• **Your instructions**
Copy every line from the data below in which the string "gcross" can be found.

------------------------------

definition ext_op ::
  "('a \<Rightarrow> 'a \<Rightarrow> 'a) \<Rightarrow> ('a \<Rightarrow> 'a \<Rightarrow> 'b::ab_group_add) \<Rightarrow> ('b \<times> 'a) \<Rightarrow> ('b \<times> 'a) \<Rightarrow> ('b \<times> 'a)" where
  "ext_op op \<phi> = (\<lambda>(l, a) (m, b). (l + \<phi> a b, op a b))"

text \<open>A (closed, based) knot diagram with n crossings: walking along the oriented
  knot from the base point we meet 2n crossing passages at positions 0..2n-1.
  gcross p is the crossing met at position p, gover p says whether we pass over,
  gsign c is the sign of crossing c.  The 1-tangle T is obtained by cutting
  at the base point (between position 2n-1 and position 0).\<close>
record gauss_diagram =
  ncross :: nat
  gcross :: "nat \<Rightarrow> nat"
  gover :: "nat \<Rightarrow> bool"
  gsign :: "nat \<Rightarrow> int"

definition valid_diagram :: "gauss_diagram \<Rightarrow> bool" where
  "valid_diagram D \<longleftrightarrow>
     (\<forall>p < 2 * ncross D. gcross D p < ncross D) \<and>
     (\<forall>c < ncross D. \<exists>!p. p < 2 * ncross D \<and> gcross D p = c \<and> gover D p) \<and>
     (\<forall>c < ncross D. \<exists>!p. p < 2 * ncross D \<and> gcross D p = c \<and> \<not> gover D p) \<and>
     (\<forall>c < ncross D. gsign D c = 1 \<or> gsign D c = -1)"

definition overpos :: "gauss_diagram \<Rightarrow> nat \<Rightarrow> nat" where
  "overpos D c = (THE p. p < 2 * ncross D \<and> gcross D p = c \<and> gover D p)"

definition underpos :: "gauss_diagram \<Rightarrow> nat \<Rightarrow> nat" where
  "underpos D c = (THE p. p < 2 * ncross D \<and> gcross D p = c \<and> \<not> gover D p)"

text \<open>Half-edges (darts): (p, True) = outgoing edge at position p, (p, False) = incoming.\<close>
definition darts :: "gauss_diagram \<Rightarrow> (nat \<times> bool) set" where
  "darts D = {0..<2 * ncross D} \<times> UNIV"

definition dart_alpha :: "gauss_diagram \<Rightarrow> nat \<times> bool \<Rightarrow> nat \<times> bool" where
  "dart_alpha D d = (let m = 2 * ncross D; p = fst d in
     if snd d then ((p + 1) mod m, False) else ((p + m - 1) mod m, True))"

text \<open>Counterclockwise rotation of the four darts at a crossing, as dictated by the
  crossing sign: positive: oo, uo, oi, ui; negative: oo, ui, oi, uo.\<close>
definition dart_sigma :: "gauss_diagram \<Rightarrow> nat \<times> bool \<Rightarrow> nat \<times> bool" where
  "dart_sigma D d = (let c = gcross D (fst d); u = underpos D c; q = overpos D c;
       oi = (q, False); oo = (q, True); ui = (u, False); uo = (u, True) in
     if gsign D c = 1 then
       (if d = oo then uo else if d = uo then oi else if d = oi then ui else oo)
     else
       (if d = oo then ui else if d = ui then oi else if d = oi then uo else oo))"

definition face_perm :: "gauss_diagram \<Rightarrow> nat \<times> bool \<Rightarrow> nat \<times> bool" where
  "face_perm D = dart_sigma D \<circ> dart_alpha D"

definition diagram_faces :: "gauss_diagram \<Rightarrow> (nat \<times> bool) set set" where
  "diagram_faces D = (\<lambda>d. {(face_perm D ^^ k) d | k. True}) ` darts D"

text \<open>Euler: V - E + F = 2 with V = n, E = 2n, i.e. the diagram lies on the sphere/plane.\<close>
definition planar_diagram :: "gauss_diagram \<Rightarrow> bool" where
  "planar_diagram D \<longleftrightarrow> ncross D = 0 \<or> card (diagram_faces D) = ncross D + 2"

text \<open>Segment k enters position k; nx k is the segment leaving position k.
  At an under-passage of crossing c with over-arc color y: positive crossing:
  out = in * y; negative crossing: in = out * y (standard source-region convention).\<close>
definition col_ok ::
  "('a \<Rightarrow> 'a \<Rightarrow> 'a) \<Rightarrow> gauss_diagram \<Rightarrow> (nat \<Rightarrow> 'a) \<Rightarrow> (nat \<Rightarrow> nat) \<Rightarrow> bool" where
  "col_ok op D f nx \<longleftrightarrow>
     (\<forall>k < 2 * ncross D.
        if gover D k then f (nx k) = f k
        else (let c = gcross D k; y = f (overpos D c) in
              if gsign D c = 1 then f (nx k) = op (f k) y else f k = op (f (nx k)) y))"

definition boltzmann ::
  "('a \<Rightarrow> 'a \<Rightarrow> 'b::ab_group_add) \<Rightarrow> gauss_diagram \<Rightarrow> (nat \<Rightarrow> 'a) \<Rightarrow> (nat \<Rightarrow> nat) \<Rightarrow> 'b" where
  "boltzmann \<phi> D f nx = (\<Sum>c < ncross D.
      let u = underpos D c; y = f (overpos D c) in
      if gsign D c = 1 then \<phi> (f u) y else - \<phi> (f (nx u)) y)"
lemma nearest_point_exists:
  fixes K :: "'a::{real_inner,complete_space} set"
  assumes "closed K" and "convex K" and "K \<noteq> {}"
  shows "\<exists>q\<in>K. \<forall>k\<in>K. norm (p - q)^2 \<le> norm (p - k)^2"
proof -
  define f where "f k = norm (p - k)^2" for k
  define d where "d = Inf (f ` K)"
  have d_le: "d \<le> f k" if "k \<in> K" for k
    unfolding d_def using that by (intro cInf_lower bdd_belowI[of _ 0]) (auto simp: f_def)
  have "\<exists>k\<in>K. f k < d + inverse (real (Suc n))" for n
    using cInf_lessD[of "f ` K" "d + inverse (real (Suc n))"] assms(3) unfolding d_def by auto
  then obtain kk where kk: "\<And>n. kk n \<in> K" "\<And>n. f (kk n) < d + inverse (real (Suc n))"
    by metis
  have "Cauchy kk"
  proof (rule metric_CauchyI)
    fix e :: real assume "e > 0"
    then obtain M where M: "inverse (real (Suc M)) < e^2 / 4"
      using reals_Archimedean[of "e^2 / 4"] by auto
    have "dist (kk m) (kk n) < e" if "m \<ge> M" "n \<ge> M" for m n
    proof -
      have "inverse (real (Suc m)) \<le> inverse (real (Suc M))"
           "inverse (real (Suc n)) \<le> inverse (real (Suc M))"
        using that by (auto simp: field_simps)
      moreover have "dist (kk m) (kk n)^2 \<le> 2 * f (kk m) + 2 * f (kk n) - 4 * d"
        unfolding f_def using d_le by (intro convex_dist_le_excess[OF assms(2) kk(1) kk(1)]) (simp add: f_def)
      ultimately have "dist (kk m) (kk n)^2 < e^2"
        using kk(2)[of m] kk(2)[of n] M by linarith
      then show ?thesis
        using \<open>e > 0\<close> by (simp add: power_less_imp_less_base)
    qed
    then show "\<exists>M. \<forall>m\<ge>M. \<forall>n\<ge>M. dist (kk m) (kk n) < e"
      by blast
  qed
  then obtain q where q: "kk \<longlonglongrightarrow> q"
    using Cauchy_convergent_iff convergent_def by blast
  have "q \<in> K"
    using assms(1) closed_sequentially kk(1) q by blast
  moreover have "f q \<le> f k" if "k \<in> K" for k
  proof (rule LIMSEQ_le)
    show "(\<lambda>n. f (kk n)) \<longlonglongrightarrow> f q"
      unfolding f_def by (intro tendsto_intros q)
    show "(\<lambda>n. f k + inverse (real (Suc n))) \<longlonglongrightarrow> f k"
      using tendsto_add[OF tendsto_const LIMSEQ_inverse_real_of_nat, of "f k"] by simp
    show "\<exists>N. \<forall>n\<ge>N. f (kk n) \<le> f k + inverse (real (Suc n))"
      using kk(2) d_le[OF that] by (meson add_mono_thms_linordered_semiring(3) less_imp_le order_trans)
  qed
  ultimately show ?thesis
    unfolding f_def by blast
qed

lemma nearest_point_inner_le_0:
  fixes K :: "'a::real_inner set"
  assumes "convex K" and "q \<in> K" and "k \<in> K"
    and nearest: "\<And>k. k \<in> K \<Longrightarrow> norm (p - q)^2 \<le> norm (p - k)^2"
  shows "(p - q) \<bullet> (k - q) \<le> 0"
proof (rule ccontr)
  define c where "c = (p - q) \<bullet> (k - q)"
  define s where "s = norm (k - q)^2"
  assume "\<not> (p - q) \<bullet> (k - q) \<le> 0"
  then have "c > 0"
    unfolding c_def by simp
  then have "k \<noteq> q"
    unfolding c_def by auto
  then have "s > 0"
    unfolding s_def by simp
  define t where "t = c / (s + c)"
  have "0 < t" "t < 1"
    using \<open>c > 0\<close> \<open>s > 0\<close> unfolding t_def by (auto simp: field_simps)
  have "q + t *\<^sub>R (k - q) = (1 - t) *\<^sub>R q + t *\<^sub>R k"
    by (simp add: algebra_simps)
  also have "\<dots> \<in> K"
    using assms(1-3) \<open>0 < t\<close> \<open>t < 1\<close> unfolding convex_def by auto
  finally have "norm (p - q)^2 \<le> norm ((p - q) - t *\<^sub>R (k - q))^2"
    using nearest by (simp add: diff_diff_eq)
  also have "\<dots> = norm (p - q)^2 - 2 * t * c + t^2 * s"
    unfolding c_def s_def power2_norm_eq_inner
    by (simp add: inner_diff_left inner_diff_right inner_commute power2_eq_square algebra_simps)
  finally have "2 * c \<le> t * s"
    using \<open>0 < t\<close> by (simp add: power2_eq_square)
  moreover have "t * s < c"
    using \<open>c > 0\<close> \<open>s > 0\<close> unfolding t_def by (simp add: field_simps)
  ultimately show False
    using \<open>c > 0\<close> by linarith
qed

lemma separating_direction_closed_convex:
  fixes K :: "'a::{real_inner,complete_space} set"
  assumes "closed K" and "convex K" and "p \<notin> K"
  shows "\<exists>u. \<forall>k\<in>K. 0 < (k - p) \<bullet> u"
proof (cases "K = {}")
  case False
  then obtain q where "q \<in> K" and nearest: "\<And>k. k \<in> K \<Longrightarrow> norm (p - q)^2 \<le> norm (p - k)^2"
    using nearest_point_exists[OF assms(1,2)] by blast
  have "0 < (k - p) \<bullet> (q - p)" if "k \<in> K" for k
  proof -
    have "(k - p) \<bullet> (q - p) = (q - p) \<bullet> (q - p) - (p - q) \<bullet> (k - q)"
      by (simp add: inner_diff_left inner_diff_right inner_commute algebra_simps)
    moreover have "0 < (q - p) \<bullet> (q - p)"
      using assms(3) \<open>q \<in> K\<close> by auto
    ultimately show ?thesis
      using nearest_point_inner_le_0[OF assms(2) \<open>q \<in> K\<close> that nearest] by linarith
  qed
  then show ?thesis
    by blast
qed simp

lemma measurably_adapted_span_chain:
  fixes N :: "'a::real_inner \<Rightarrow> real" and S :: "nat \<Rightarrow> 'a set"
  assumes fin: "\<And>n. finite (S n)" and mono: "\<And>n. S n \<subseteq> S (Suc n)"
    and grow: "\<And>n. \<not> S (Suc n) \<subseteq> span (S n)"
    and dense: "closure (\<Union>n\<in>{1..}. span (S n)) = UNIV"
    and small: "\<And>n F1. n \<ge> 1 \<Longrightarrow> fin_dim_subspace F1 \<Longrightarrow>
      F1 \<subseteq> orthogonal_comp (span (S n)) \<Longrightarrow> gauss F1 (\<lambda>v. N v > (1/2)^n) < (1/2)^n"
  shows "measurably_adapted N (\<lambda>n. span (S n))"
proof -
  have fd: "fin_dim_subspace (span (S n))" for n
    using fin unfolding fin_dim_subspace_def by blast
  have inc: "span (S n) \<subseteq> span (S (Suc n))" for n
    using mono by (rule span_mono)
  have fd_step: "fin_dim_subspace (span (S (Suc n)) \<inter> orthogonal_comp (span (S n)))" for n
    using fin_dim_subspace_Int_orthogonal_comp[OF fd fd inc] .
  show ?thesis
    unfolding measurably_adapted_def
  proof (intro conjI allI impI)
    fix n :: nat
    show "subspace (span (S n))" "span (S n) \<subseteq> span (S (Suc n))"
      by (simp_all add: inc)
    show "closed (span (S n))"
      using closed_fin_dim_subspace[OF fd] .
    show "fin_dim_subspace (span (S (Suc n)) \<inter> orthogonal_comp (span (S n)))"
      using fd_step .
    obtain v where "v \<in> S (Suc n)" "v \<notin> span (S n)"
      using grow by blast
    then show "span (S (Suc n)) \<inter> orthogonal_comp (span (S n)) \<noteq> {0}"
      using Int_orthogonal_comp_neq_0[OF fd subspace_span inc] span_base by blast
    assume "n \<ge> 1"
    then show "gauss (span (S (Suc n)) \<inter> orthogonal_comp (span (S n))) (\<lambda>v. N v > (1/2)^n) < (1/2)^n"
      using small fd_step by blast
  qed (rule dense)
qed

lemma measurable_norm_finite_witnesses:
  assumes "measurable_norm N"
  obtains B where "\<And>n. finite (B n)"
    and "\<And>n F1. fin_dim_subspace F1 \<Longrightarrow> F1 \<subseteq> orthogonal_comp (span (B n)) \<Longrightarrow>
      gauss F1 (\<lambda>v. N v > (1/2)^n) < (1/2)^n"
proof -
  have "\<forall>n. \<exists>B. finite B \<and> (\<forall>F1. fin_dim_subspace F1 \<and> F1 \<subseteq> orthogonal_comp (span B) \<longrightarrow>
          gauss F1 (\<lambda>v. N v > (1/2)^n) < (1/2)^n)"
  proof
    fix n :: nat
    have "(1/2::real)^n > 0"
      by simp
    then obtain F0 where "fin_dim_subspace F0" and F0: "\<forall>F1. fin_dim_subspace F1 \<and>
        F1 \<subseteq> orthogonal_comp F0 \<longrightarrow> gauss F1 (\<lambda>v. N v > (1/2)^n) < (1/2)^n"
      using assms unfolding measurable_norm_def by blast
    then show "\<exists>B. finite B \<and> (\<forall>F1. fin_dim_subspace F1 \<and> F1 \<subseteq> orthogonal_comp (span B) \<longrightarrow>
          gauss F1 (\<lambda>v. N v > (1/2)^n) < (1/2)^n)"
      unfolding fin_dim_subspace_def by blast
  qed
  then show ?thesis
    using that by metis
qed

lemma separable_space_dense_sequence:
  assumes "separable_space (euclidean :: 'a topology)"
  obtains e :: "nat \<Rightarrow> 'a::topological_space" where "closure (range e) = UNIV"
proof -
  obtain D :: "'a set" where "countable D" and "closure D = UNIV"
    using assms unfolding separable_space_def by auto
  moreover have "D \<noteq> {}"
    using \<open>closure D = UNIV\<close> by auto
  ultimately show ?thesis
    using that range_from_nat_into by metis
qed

------------------------------

• **Response below**
  gcross p is the crossing met at position p, gover p says whether we pass over,
  gcross :: "nat \<Rightarrow> nat"
     (\<forall>p < 2 * ncross D. gcross D p < ncross D) \<and>
     (\<forall>c < ncross D. \<exists>!p. p < 2 * ncross D \<and> gcross D p = c \<and> gover D p) \<and>
     (\<forall>c < ncross D. \<exists>!p. p < 2 * ncross D \<and> gcross D p = c \<and> \<not> gover D p) \<and>
  "overpos D c = (THE p. p < 2 * ncross D \<and> gcross D p = c \<and> gover D p)"
  "underpos D c = (THE p. p < 2 * ncross D \<and> gcross D p = c \<and> \<not> gover D p)"
  "dart_sigma D d = (let c = gcross D (fst d); u = underpos D c; q = overpos D c;
        else (let c = gcross D k; y = f (overpos D c) in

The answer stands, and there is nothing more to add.